My first thought was to go to consumer credit counseling services but since I am not delinquent I don’t want to negatively affect my credit at this point. So, I thought I would go to my bank and get a loan to consolidate. Should I go for a personal loan or a consolidation loan (my bank is Chase)?

Also, two of the credit cards I carry are Chase credit cards, will this hurt my chances of getting a loan? Any help will be appreciated!! I am willing to cut corners, make some extra money etc. to pay off as much as I can. I have cut up my credit cards and not used any for over a year but I am still overwhelmed. Help please!
I am currently paying about $400 a month just minimums, interests rates all around 20%. If I can pay any less than this a month at lower interest it will help no?
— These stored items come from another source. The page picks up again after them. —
lemma weight_mult_le:
  assumes v: "is_weight v" and x: "0 \<le> x" "x < 1"
  shows "v x * x \<le> v 0 / v (1/2) * (v (max x (1/2)) * max x (1/2))"
proof (cases "1/2 \<le> x")
  case True
  have "1 \<le> v 0 / v (1/2)"
    using weight_antimono[OF v, of 0 "1/2"] weight_pos[OF v, of "1/2"] by simp
  then have "1 * (v x * x) \<le> v 0 / v (1/2) * (v x * x)"
    using weight_pos[OF v, of x] x by (intro mult_right_mono) auto
  then show ?thesis
    using True by simp
next
  case False
  have "v x * x \<le> v 0 * (1/2)"
    using weight_antimono[OF v, of 0 x] weight_pos[OF v, of 0] False x by (intro mult_mono) auto
  then show ?thesis
    using False weight_pos[OF v, of "1/2"] by simp
qed

lemma weighted_norm_Cesaro_t_iter_diff_le:
  assumes v: "is_weight v" and t: "0 \<le> t" "t < 1" and f: "f \<in> Hinf_v v" and z: "z \<in> ball 0 1"
  shows "cmod ((Cesaro_t t ^^ n) f z - f 0 * Cesaro_eigen t 0 z) * v (cmod z)
       \<le> 4 * v 0 / (v (1/2) * (1 - t) ^ 3) / 2 ^ n * wnorm v f"
proof -
  define N where "N = wnorm v f"
  have N: "0 \<le> N"
    unfolding N_def by (rule wnorm_nonneg[OF v f])
  \<comment> \<open>On the disc of radius \<open>R\<close> the Schwarz factor \<open>1/R\<close> is at most 2, and \<open>weight_mult_le\<close>
    trades \<open>v(|z|) |z|\<close> for \<open>v(R) R\<close>.\<close>
  define R where "R = max (cmod z) (1/2)"
  have R: "0 < R" "R < 1" "cmod z \<le> R"
    using z by (auto simp: R_def)
  have vR: "0 < v R"
    using weight_pos[OF v] R by simp
  define g where "g = (\<lambda>w. f w - f 0 * Cesaro_eigen t 0 w)"
  have "g holomorphic_on ball 0 1"
    unfolding g_def using Hinf_v_holomorphic[OF f] holomorphic_on_Cesaro_eigen[OF t]
    by (intro holomorphic_intros)
  moreover have "g 0 = 0"
    by (simp add: g_def Cesaro_eigen_def)
  ultimately have g: "g holomorphic_on ball 0 1" "g 0 = 0" .
  have "cmod (g w) \<le> 2 * N / (v R * (1 - t))" if w: "cmod w \<le> R" for w
  proof -
    have "cmod (f w) \<le> N / v R" "cmod (f 0) \<le> N / v R"
      using norm_le_wnorm_div_weight[OF v f] w R by (auto simp: N_def)
    moreover have "cmod (Cesaro_eigen t 0 w) \<le> 1 / (1 - t)"
      using norm_Cesaro_eigen_0_le[OF t] w R by simp
    moreover have "N / v R \<le> N / v R / (1 - t)"
      using N vR t by (simp add: le_divide_eq mult_left_le)
    ultimately have "cmod (f w) + cmod (f 0) * cmod (Cesaro_eigen t 0 w) \<le> N / v R / (1 - t) + N / v R * (1 / (1 - t))"
      using N vR by (intro add_mono mult_mono) auto
    moreover have "cmod (g w) \<le> cmod (f w) + cmod (f 0) * cmod (Cesaro_eigen t 0 w)"
      unfolding g_def by (metis norm_mult norm_triangle_ineq4)
    moreover have "N / v R / (1 - t) + N / v R * (1 / (1 - t)) = 2 * N / (v R * (1 - t))"
      by (simp add: field_simps)
    ultimately show ?thesis
      by linarith
  qed
  then have "cmod ((Cesaro_t t ^^ n) g z) \<le> 2 * (2 * N / (v R * (1 - t))) / R / 2 ^ n * (cmod z / (1 - t) ^ 2)"
    by (rule norm_Cesaro_t_iter_le_on_cball_vanishing[OF t g R(1,2) _ R(3)])
  also have "\<dots> = 4 * N / ((1 - t) ^ 3 * 2 ^ n) * (cmod z / (v R * R))"
    using vR R t by (simp add: field_simps power2_eq_square power3_eq_cube)
  finally have "cmod ((Cesaro_t t ^^ n) g z) * v (cmod z)
      \<le> 4 * N / ((1 - t) ^ 3 * 2 ^ n) * (cmod z / (v R * R)) * v (cmod z)"
    using weight_pos[OF v, of "cmod z"] z by (intro mult_right_mono) auto
  also have "\<dots> = 4 * N / ((1 - t) ^ 3 * 2 ^ n) * ((v (cmod z) * cmod z) / (v R * R))"
    by (simp add: field_simps)
  also have "\<dots> \<le> 4 * N / ((1 - t) ^ 3 * 2 ^ n) * (v 0 / v (1/2))"
    using weight_mult_le[OF v norm_ge_zero, of z] z vR R N t
    by (intro mult_left_mono) (auto simp: R_def divide_le_eq)
  also have "\<dots> = 4 * v 0 / (v (1/2) * (1 - t) ^ 3) / 2 ^ n * wnorm v f"
    by (simp add: N_def field_simps)
  finally show ?thesis
    using Cesaro_t_iter_diff_Cesaro_eigen_0[OF t Hinf_v_holomorphic[OF f] z] by (simp add: g_def)
qed

section \<open>Power boundedness, mean ergodicity and supercyclicity\<close>

lemma funpow_in_invariant_set: "(\<And>f. f \<in> X \<Longrightarrow> T f \<in> X) \<Longrightarrow> g \<in> X \<Longrightarrow> (T ^^ n) g \<in> X"
  by (induction n) auto

lemma power_bounded_onI:
  assumes "\<And>f. f \<in> X \<Longrightarrow> T f \<in> X"
    and "\<And>f z n. f \<in> X \<Longrightarrow> z \<in> ball 0 1 \<Longrightarrow> cmod ((T ^^ n) f z) * v (cmod z) \<le> M * wnorm v f"
  shows "power_bounded_on X (wnorm v) T"
  unfolding power_bounded_on_def using assms by (blast intro: wnorm_le)

lemma uniformly_mean_ergodic_onI:
  assumes v: "is_weight v" and X: "X \<subseteq> Hinf_v v"
    and T: "\<And>f. f \<in> X \<Longrightarrow> T f \<in> X" and P: "\<And>f. f \<in> X \<Longrightarrow> P f \<in> X"
    and q: "0 \<le> q" "q < 1" and K: "0 \<le> K"
    and conv: "\<And>f z m. f \<in> X \<Longrightarrow> z \<in> ball 0 1 \<Longrightarrow>
                 cmod ((T ^^ m) f z - P f z) * v (cmod z) \<le> K * q ^ m * wnorm v f"
  shows "uniformly_mean_ergodic_on X (wnorm v) T"
  unfolding uniformly_mean_ergodic_on_def
proof (intro conjI ballI exI[of _ P] allI impI)
  fix e :: real assume e: "0 < e"
  show "\<exists>n0. \<forall>n\<ge>n0. \<forall>f\<in>X. wnorm v (\<lambda>z. cesaro_mean n T f z - P f z) \<le> e * wnorm v f"
  proof (intro exI allI impI ballI)
    fix n f assume n: "nat \<lceil>K / (e * (1 - q))\<rceil> + 1 \<le> n" and f: "f \<in> X"
    have N: "0 \<le> wnorm v f"
      using wnorm_nonneg[OF v] X f by blast
    have n_pos: "0 < n" and "K / (e * (1 - q)) \<le> real n"
      using n by linarith+
    then have Kn: "K / (1 - q) / real n \<le> e"
      using e q by (simp add: field_simps)
    have geom: "(\<Sum>m=1..n. q ^ m) \<le> 1 / (1 - q)"
      using sum_le_suminf[OF summable_geometric, of q "{1..n}"] suminf_geometric[of q] q by simp
    show "wnorm v (\<lambda>z. cesaro_mean n T f z - P f z) \<le> e * wnorm v f"
    proof (rule wnorm_le)
      fix z :: complex assume z: "z \<in> ball 0 1"
      have vz: "0 \<le> v (cmod z)"
        using weight_pos[OF v, of "cmod z"] z by simp
      have "cesaro_mean n T f z - P f z = (\<Sum>m=1..n. (T ^^ m) f z - P f z) / of_nat n"
        using n_pos by (simp add: cesaro_mean_def sum_subtractf field_simps)
      then have "cmod (cesaro_mean n T f z - P f z) * v (cmod z)
          \<le> (\<Sum>m=1..n. cmod ((T ^^ m) f z - P f z) * v (cmod z)) / real n"
        using vz n_pos
        by (auto simp: norm_divide sum_distrib_right[symmetric] intro!: divide_right_mono mult_right_mono norm_sum)
      also have "\<dots> \<le> (\<Sum>m=1..n. K * q ^ m * wnorm v f) / real n"
        using conv[OF f z] by (intro divide_right_mono sum_mono) auto
      also have "\<dots> = K * wnorm v f * (\<Sum>m=1..n. q ^ m) / real n"
        by (simp add: sum_distrib_left mult_ac)
      also have "\<dots> \<le> K * wnorm v f * (1 / (1 - q)) / real n"
        using geom K N by (intro divide_right_mono mult_left_mono) auto
      also have "\<dots> = K / (1 - q) / real n * wnorm v f"
        by simp
      also have "\<dots> \<le> e * wnorm v f"
        using Kn N by (rule mult_right_mono)
      finally show "cmod (cesaro_mean n T f z - P f z) * v (cmod z) \<le> e * wnorm v f" .
    qed
  qed
qed (use T P in auto)

lemma not_supercyclic_onI:
  assumes v: "is_weight v" and X: "X \<subseteq> Hinf_v v" and T: "\<And>f. f \<in> X \<Longrightarrow> T f \<in> X"
    and lines: "\<And>L. (\<lambda>z. 1 + L * z) \<in> X"
    and fix0: "\<And>g n. g \<in> X \<Longrightarrow> (T ^^ n) g 0 = g 0"
    and bounded_orbit: "\<And>g. g \<in> X \<Longrightarrow> \<exists>G. \<forall>n. cmod ((T ^^ n) g (1/2)) \<le> G"
  shows "\<not> supercyclic_on X (wnorm v) T"
proof
  assume "supercyclic_on X (wnorm v) T"
  then obtain g where g: "g \<in> X"
    and approx: "\<And>f e. f \<in> X \<Longrightarrow> 0 < e \<Longrightarrow> \<exists>(c::complex) n. wnorm v (\<lambda>z. c * (T ^^ n) g z - f z) < e"
    unfolding supercyclic_on_def by blast
  obtain G where G: "\<And>n. cmod ((T ^^ n) g (1/2)) \<le> G"
    using bounded_orbit[OF g] by blast
  have G0: "0 \<le> G"
    using G[of 0] by (simp add: order_trans[OF norm_ge_zero])
  define a where "a = cmod (g 0)"
  \<comment> \<open>If \<open>a = 0\<close> then \<open>G / a = 0\<close>; that case is refuted by the value at \<open>0\<close> alone.\<close>
  define L where "L = complex_of_real (2 * (2 * G / a + 2))"
  have v0: "0 < v 0" and vh: "0 < v (1/2)"
    using weight_pos[OF v] by auto
  obtain c n where cn: "wnorm v (\<lambda>z. c * (T ^^ n) g z - (1 + L * z)) < min (v 0) (v (1/2))"
    using approx[OF lines] v0 vh by (metis min_less_iff_conj)
  have "(\<lambda>z. c * (T ^^ n) g z - (1 + L * z)) \<in> Hinf_v v"
    using funpow_in_invariant_set[OF T g] lines X by (intro Hinf_v_mult_diff[OF v]) auto
  note h = this
  have close: "cmod (c * (T ^^ n) g z - (1 + L * z)) * v (cmod z) < v (cmod z)"
    if "z = 0 \<or> z = 1/2" for z
  proof -
    have "z \<in> ball 0 1" "min (v 0) (v (1/2)) \<le> v (cmod z)"
      using that by (elim disjE; hypsubst; simp)+
    then show ?thesis
      using wnorm_ge[OF h] cn by fastforce
  qed
  from close[of 0] have near_1: "cmod (c * g 0 - 1) < 1"
    using fix0[OF g] v0 by simp
  then have ca: "cmod c * a < 2"
    using norm_triangle_ineq2[of "c * g 0" 1] by (simp add: a_def norm_mult)
  from close[of "1/2"] have "cmod (c * (T ^^ n) g (1/2) - (1 + L / 2)) < 1"
    using vh by simp
  then have "cmod (1 + L / 2) < cmod c * G + 1"
    using G[of n] norm_triangle_ineq2[of "1 + L / 2" "c * (T ^^ n) g (1/2)"]
      mult_left_mono[OF G[of n], of "cmod c"]
    by (simp add: norm_mult norm_minus_commute)
  also have "\<dots> \<le> 2 * G / a + 1"
  proof (cases "a = 0")
    case False
    then have "cmod c \<le> 2 / a"
      using ca by (simp add: a_def field_simps)
    then show ?thesis
      using G0 mult_right_mono[of "cmod c" "2 / a" G] by simp
  qed (use near_1 in \<open>simp add: a_def\<close>)
  also have "\<dots> < cmod (complex_of_real (2 * G / a + 3))"
    unfolding norm_of_real using G0 by (simp add: a_def)
  also have "complex_of_real (2 * G / a + 3) = 1 + L / 2"
    by (simp add: L_def)
  finally show False
    by simp
qed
13 Responses to “I want to consolidate my credit cards?”

  • Elyseholly says:

    I’m in a similar situation. Starring this question

  • Shira I'nusyl says:

    Why are you only paying the minimum on your credit cards? If you have enough money to get a loan, why don’t you instead make an effort to pay off one of those cards as quickly as possible? One of my roommates cleared out nearly $2,000 in credit cards by just paying them off one by one, using as much money as he had to spare out of every paycheck. I’d suggest a similar strategy for your debt.

  • richkvegas says:

    By consolidating the loan all you are doing is moving the debt. Unless there is a drastic change in interest rates this will not do much for you. If you go to a Credit Counseling Service that makes payments for you, your credit will be trashed. You need to get a 2nd job and pay this down yourself and never use the cards again, good thing you already cut them up.

  • ram p says:

    my frnd i hope this ill help u………coz i had found for me from this

  • Sunidaze says:

    Question for you – why are you paying the minimums each month??? Big mistake right there! I’m not sure how easy it will be to get a loan for that much without some sort of collateral or co-signer.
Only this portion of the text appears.